* _Work request_:
Below are some records; output exactly the lines from the line with "(\<forall>i<N. \<forall>x. \<forall>ai\<in>A i x. \<pi>" to the line with "text \<open>Fix an", both ends kept, and nothing more.

-=-=-

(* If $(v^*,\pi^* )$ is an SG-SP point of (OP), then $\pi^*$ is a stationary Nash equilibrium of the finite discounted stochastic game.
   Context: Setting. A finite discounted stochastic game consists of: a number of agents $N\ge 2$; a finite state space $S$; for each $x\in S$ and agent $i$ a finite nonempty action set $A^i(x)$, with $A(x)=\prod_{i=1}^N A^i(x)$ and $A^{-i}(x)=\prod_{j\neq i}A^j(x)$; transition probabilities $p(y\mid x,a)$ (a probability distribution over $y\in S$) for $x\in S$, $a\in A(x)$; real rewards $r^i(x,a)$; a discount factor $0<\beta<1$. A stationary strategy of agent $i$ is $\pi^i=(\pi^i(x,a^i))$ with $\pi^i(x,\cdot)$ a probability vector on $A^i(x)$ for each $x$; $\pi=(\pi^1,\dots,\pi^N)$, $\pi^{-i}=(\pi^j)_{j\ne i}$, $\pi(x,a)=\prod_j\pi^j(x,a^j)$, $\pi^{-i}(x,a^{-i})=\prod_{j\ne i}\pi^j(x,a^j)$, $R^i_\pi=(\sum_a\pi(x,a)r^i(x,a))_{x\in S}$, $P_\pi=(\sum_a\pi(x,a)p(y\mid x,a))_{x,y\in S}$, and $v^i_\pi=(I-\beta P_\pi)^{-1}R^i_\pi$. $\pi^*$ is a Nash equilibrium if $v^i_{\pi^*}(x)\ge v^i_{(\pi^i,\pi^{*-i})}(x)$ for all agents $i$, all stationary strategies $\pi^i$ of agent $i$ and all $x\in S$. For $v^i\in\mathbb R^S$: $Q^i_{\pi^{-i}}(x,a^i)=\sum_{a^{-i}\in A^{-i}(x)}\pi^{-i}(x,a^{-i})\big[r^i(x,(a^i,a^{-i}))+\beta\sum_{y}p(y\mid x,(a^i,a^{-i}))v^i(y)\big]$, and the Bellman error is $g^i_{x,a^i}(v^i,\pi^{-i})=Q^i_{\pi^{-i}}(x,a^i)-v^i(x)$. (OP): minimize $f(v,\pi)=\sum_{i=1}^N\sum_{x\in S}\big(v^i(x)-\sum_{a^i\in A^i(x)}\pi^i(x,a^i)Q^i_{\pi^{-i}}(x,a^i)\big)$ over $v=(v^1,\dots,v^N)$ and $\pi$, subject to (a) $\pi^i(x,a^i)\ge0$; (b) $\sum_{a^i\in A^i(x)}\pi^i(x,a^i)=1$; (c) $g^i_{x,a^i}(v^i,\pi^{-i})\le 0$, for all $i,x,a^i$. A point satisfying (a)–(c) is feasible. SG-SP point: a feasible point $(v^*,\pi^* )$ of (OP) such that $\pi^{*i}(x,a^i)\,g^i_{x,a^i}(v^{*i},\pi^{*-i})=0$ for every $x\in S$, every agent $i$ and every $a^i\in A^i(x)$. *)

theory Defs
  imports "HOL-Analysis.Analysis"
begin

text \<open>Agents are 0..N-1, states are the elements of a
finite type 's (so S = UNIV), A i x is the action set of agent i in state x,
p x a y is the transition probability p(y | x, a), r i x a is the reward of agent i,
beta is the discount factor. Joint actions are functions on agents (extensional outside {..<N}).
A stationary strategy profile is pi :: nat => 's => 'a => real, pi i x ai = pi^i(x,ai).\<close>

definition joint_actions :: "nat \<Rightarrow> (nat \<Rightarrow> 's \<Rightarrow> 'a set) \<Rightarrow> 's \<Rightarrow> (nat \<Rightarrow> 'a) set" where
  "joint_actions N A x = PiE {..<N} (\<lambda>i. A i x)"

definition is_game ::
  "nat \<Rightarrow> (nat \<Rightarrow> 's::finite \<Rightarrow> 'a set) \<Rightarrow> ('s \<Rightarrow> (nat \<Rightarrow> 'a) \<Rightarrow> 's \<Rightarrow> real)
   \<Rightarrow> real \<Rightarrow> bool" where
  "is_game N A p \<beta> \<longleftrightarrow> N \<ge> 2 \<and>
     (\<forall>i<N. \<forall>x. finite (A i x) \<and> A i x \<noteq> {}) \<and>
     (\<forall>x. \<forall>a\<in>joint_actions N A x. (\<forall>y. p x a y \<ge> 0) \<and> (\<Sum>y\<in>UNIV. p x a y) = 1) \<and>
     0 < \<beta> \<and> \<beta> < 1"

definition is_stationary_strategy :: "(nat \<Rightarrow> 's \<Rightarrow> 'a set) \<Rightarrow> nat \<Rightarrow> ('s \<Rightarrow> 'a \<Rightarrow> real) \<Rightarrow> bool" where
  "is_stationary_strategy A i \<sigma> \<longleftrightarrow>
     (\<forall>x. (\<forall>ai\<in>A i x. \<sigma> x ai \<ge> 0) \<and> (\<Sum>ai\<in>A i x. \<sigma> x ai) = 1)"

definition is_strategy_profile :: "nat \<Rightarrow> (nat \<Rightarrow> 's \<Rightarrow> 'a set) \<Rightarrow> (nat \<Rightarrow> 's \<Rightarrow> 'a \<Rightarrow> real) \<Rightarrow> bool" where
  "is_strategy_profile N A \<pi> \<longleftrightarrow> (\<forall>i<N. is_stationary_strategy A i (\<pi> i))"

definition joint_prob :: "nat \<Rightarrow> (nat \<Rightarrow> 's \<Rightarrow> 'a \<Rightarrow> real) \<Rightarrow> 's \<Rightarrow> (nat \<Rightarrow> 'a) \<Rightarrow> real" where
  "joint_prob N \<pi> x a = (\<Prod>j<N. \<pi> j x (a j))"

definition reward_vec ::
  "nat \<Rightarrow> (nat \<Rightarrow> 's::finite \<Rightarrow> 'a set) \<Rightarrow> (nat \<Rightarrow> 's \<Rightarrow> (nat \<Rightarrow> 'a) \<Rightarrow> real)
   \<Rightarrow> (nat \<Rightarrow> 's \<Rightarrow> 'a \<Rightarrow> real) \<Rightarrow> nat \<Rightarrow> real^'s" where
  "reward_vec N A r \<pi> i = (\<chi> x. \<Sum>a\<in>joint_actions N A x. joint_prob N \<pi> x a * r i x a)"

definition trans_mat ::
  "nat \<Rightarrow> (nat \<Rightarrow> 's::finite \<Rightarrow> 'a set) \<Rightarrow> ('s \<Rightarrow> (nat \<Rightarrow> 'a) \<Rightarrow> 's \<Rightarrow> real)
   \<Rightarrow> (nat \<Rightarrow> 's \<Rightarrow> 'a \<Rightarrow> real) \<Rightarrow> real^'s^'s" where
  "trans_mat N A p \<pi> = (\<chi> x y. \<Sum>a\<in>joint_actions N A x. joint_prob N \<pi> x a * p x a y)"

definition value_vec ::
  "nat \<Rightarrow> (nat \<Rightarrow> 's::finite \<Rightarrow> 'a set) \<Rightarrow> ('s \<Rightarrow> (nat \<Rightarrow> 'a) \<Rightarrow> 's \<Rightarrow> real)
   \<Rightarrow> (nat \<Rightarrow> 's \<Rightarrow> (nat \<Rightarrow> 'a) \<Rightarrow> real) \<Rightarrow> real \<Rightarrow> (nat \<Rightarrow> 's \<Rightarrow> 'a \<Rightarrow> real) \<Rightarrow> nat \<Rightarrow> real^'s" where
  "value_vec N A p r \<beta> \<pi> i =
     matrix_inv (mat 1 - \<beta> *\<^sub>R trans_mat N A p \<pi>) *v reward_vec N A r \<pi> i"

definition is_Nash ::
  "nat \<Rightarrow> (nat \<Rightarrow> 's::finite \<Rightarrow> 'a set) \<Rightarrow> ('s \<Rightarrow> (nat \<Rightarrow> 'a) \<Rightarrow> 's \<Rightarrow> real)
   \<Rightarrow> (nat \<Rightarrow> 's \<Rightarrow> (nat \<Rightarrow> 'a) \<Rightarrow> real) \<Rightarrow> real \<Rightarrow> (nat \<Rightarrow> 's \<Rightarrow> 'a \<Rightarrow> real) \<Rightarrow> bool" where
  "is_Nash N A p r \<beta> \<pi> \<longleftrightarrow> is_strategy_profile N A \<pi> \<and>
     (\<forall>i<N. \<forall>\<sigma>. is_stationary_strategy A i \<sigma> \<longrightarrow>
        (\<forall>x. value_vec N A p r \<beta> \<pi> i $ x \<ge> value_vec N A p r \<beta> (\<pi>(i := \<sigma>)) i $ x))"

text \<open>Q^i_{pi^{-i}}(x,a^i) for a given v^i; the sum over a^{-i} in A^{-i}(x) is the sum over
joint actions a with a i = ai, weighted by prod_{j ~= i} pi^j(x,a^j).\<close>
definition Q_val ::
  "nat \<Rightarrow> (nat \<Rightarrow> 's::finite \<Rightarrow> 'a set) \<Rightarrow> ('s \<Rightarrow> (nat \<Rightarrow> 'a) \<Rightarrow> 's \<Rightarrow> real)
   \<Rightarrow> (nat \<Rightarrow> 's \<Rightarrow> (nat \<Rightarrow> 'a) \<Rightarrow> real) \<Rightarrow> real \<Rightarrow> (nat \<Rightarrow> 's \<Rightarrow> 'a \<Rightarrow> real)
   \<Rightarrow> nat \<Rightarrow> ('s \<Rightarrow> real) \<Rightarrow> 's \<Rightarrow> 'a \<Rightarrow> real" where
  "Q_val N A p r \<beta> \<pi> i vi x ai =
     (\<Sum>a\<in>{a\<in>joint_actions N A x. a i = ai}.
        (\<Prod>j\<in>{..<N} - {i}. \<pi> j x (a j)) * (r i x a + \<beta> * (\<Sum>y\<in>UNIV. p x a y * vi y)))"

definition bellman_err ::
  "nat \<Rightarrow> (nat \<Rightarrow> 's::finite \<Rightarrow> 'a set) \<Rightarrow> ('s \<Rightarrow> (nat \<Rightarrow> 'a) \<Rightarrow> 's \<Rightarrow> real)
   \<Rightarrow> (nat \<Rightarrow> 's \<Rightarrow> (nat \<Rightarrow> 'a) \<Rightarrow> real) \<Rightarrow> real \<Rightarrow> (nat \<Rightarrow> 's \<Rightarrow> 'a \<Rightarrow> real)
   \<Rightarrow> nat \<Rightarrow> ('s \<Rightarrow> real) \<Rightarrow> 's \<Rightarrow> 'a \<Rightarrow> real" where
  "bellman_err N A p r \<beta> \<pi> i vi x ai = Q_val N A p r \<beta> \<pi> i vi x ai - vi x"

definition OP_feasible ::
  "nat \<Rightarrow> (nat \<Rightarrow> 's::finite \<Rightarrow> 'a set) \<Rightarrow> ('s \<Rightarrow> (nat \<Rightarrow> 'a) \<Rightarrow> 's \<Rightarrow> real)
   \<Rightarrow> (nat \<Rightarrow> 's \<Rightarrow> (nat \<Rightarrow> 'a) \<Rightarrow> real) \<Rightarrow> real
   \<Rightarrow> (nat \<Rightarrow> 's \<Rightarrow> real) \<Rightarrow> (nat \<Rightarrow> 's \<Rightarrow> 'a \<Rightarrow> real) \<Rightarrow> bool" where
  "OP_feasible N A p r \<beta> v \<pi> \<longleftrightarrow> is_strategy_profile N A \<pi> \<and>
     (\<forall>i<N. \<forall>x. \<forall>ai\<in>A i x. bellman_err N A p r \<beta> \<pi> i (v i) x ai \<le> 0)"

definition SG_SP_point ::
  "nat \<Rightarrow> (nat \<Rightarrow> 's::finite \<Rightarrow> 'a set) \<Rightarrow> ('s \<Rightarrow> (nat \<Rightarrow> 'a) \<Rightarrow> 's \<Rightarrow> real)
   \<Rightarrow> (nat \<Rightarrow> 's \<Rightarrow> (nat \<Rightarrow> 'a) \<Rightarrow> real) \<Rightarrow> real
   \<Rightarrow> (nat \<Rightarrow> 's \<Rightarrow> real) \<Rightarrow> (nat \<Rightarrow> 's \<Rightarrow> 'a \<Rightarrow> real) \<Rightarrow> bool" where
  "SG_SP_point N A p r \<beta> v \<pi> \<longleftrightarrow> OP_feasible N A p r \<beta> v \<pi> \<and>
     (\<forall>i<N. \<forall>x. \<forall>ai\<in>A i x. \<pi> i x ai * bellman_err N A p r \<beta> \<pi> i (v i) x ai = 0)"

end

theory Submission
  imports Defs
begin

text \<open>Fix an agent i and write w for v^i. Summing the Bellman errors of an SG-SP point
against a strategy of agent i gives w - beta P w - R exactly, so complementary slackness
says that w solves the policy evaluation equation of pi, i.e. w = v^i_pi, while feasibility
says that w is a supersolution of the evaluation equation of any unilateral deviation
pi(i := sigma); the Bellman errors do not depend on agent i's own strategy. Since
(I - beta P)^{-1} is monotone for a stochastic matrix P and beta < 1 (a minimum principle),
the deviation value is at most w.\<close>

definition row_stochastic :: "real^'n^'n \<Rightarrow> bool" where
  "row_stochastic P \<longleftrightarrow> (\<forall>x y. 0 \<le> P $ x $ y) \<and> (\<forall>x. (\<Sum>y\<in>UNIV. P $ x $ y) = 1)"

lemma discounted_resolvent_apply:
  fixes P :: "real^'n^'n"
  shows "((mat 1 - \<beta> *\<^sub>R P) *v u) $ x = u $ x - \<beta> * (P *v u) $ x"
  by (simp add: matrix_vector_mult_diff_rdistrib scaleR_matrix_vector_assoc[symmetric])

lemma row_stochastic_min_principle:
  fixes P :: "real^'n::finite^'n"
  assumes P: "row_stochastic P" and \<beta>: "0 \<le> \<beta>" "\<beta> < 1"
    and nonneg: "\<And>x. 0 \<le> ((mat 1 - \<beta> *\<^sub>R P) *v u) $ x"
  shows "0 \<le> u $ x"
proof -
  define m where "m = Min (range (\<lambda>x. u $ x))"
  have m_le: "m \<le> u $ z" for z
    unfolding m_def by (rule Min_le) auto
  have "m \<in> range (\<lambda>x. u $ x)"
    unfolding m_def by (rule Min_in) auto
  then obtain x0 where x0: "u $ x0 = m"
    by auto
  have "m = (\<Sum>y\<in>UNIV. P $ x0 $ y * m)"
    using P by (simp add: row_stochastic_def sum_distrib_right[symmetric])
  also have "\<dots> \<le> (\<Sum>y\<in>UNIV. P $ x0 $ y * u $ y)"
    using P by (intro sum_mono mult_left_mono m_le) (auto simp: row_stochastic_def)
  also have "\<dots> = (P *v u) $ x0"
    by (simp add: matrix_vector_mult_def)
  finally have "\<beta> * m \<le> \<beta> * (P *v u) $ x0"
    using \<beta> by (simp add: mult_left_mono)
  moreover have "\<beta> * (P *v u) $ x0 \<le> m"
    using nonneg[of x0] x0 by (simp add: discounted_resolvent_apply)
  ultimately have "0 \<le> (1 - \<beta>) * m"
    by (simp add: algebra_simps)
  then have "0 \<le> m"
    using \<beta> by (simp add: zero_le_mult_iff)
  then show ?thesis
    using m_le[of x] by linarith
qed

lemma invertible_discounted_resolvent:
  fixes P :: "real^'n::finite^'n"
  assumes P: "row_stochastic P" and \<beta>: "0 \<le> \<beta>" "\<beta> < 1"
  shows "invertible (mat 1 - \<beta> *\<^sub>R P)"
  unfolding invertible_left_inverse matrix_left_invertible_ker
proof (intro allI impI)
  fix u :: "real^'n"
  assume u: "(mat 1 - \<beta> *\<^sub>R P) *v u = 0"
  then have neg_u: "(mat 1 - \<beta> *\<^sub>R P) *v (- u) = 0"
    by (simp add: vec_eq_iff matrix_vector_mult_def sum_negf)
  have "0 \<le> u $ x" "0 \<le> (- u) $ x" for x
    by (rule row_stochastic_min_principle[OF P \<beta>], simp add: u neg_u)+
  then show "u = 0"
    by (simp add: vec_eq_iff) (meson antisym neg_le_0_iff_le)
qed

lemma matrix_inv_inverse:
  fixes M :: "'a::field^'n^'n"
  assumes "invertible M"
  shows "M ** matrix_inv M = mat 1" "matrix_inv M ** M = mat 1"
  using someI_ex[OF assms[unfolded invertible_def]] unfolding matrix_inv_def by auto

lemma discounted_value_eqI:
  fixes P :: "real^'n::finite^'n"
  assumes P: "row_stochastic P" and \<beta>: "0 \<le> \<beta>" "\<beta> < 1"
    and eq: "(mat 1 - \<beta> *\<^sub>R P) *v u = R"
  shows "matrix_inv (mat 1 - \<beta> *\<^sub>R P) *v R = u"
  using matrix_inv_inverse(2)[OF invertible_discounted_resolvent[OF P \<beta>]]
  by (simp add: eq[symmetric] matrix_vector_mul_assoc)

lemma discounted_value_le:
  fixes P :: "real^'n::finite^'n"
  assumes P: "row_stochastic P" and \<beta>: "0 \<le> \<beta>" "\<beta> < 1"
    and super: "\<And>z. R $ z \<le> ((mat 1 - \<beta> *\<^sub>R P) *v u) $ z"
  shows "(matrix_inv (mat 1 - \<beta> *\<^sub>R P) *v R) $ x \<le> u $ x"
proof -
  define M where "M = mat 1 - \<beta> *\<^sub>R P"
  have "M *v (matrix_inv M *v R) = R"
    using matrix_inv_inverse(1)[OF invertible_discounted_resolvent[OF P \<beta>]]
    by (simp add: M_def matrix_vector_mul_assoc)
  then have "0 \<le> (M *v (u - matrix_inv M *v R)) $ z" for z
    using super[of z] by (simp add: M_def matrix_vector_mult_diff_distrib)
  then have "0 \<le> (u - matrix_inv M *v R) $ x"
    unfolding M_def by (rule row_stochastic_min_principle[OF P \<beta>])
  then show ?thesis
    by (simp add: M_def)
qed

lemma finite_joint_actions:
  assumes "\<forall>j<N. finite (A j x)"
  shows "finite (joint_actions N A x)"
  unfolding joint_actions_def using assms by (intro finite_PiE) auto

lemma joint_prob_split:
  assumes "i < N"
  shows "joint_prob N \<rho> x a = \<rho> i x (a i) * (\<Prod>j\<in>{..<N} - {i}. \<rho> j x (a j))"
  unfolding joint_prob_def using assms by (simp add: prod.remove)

-=-=-

* _Answer for the task_:
     (\<forall>i<N. \<forall>x. \<forall>ai\<in>A i x. \<pi> i x ai * bellman_err N A p r \<beta> \<pi> i (v i) x ai = 0)"

end

theory Submission
  imports Defs
begin

text \<open>Fix an agent i and write w for v^i. Summing the Bellman errors of an SG-SP point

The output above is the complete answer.